(Dataset items)
lemma is_path_delete_vertex_Cons:
  assumes "is_path (delete_vertex F r) vs" "{r, hd vs} \<in> F" "r \<noteq> hd vs"
  shows "is_path F (r # vs)"
proof -
  have "r \<notin> set vs"
    using path_vertex_in_edge[OF assms(1)] assms(3) unfolding delete_vertex_def by blast
  moreover have "is_path F vs"
    using assms(1) is_path_subset unfolding delete_vertex_def by blast
  ultimately show ?thesis
    using assms(2) by (simp add: is_path_Cons)
qed

lemma separated_delete_vertex:
  assumes "simple_graph V F" "forest F" "separated F R" "r \<in> R \<or> R = {}"
    and "M \<subseteq> neighbors F r"
  shows "separated (delete_vertex F r) (R - {r} \<union> M)"
proof -
  have *: False if a: "a \<in> M" and b: "b \<in> R - {r} \<union> M" "a \<noteq> b"
    and ab: "reachable (delete_vertex F r) a b" for a b
  proof -
    obtain vs where vs: "is_path (delete_vertex F r) vs" "hd vs = a" "last vs = b"
      using ab unfolding reachable_def by blast
    have "a \<noteq> r" "{r, a} \<in> F"
      using a assms(1,5) not_in_own_neighbors by (fastforce simp: neighbors_def insert_commute)+
    then have path: "is_path F (r # vs)"
      using is_path_delete_vertex_Cons[OF vs(1)] vs(2) by simp
    show False
    proof (cases "b \<in> M")
      case True
      have "2 \<le> length vs"
        using vs b(2) unfolding is_path_def by (cases vs) (auto simp: Suc_le_eq)
      moreover have "{last (r # vs), hd (r # vs)} \<in> F"
        using True assms(5) vs(1,3) unfolding neighbors_def is_path_def by auto
      ultimately have "has_cycle F"
        using path by (intro has_cycleI) auto
      then show False
        using assms(2) unfolding forest_def by simp
    next
      case False
      then have "b \<in> R" "b \<noteq> r" "r \<in> R"
        using b(1) assms(4) by auto
      moreover have "reachable F r b"
        unfolding reachable_def using path vs(1,3) unfolding is_path_def
        by (intro exI[of _ "r # vs"]) simp
      ultimately show False
        using separatedD[OF assms(3)] by blast
    qed
  qed
  show ?thesis
    unfolding separated_def
  proof (intro ballI impI notI)
    fix a b
    assume a: "a \<in> R - {r} \<union> M" and b: "b \<in> R - {r} \<union> M" and "a \<noteq> b"
      and ab: "reachable (delete_vertex F r) a b"
    consider "a \<in> M" | "b \<in> M" | "a \<in> R" "b \<in> R"
      using a b by blast
    then show False
    proof cases
      case 1
      then show False
        using *[OF 1 b \<open>a \<noteq> b\<close> ab] by argo
    next
      case 2
      then show False
        using *[OF 2 a _ reachable_commute[OF ab]] \<open>a \<noteq> b\<close> by argo
    next
      case 3
      then show False
        using separatedD[OF assms(3) 3 \<open>a \<noteq> b\<close>] reachable_subset[OF ab delete_vertex_subset]
        by argo
    qed
  qed
qed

**Task objective:** Write the entries again, exactly as they stand.

**Answer section:**
lemma is_path_delete_vertex_Cons:
  assumes "is_path (delete_vertex F r) vs" "{r, hd vs} \<in> F" "r \<noteq> hd vs"
  shows "is_path F (r # vs)"
proof -
  have "r \<notin> set vs"
    using path_vertex_in_edge[OF assms(1)] assms(3) unfolding delete_vertex_def by blast
  moreover have "is_path F vs"
    using assms(1) is_path_subset unfolding delete_vertex_def by blast
  ultimately show ?thesis
    using assms(2) by (simp add: is_path_Cons)
qed

lemma separated_delete_vertex:
  assumes "simple_graph V F" "forest F" "separated F R" "r \<in> R \<or> R = {}"
    and "M \<subseteq> neighbors F r"
  shows "separated (delete_vertex F r) (R - {r} \<union> M)"
proof -
  have *: False if a: "a \<in> M" and b: "b \<in> R - {r} \<union> M" "a \<noteq> b"
    and ab: "reachable (delete_vertex F r) a b" for a b
  proof -
    obtain vs where vs: "is_path (delete_vertex F r) vs" "hd vs = a" "last vs = b"
      using ab unfolding reachable_def by blast
    have "a \<noteq> r" "{r, a} \<in> F"
      using a assms(1,5) not_in_own_neighbors by (fastforce simp: neighbors_def insert_commute)+
    then have path: "is_path F (r # vs)"
      using is_path_delete_vertex_Cons[OF vs(1)] vs(2) by simp
    show False
    proof (cases "b \<in> M")
      case True
      have "2 \<le> length vs"
        using vs b(2) unfolding is_path_def by (cases vs) (auto simp: Suc_le_eq)
      moreover have "{last (r # vs), hd (r # vs)} \<in> F"
        using True assms(5) vs(1,3) unfolding neighbors_def is_path_def by auto
      ultimately have "has_cycle F"
        using path by (intro has_cycleI) auto
      then show False
        using assms(2) unfolding forest_def by simp
    next
      case False
      then have "b \<in> R" "b \<noteq> r" "r \<in> R"
        using b(1) assms(4) by auto
      moreover have "reachable F r b"
        unfolding reachable_def using path vs(1,3) unfolding is_path_def
        by (intro exI[of _ "r # vs"]) simp
      ultimately show False
        using separatedD[OF assms(3)] by blast
    qed
  qed
  show ?thesis
    unfolding separated_def
  proof (intro ballI impI notI)
    fix a b
    assume a: "a \<in> R - {r} \<union> M" and b: "b \<in> R - {r} \<union> M" and "a \<noteq> b"
      and ab: "reachable (delete_vertex F r) a b"
    consider "a \<in> M" | "b \<in> M" | "a \<in> R" "b \<in> R"
      using a b by blast
    then show False
    proof cases
      case 1
      then show False
        using *[OF 1 b \<open>a \<noteq> b\<close> ab] by argo
    next
      case 2
      then show False
        using *[OF 2 a _ reachable_commute[OF ab]] \<open>a \<noteq> b\<close> by argo
    next
      case 3
      then show False
        using separatedD[OF assms(3) 3 \<open>a \<noteq> b\<close>] reachable_subset[OF ab delete_vertex_subset]
        by argo
    qed
  qed
qed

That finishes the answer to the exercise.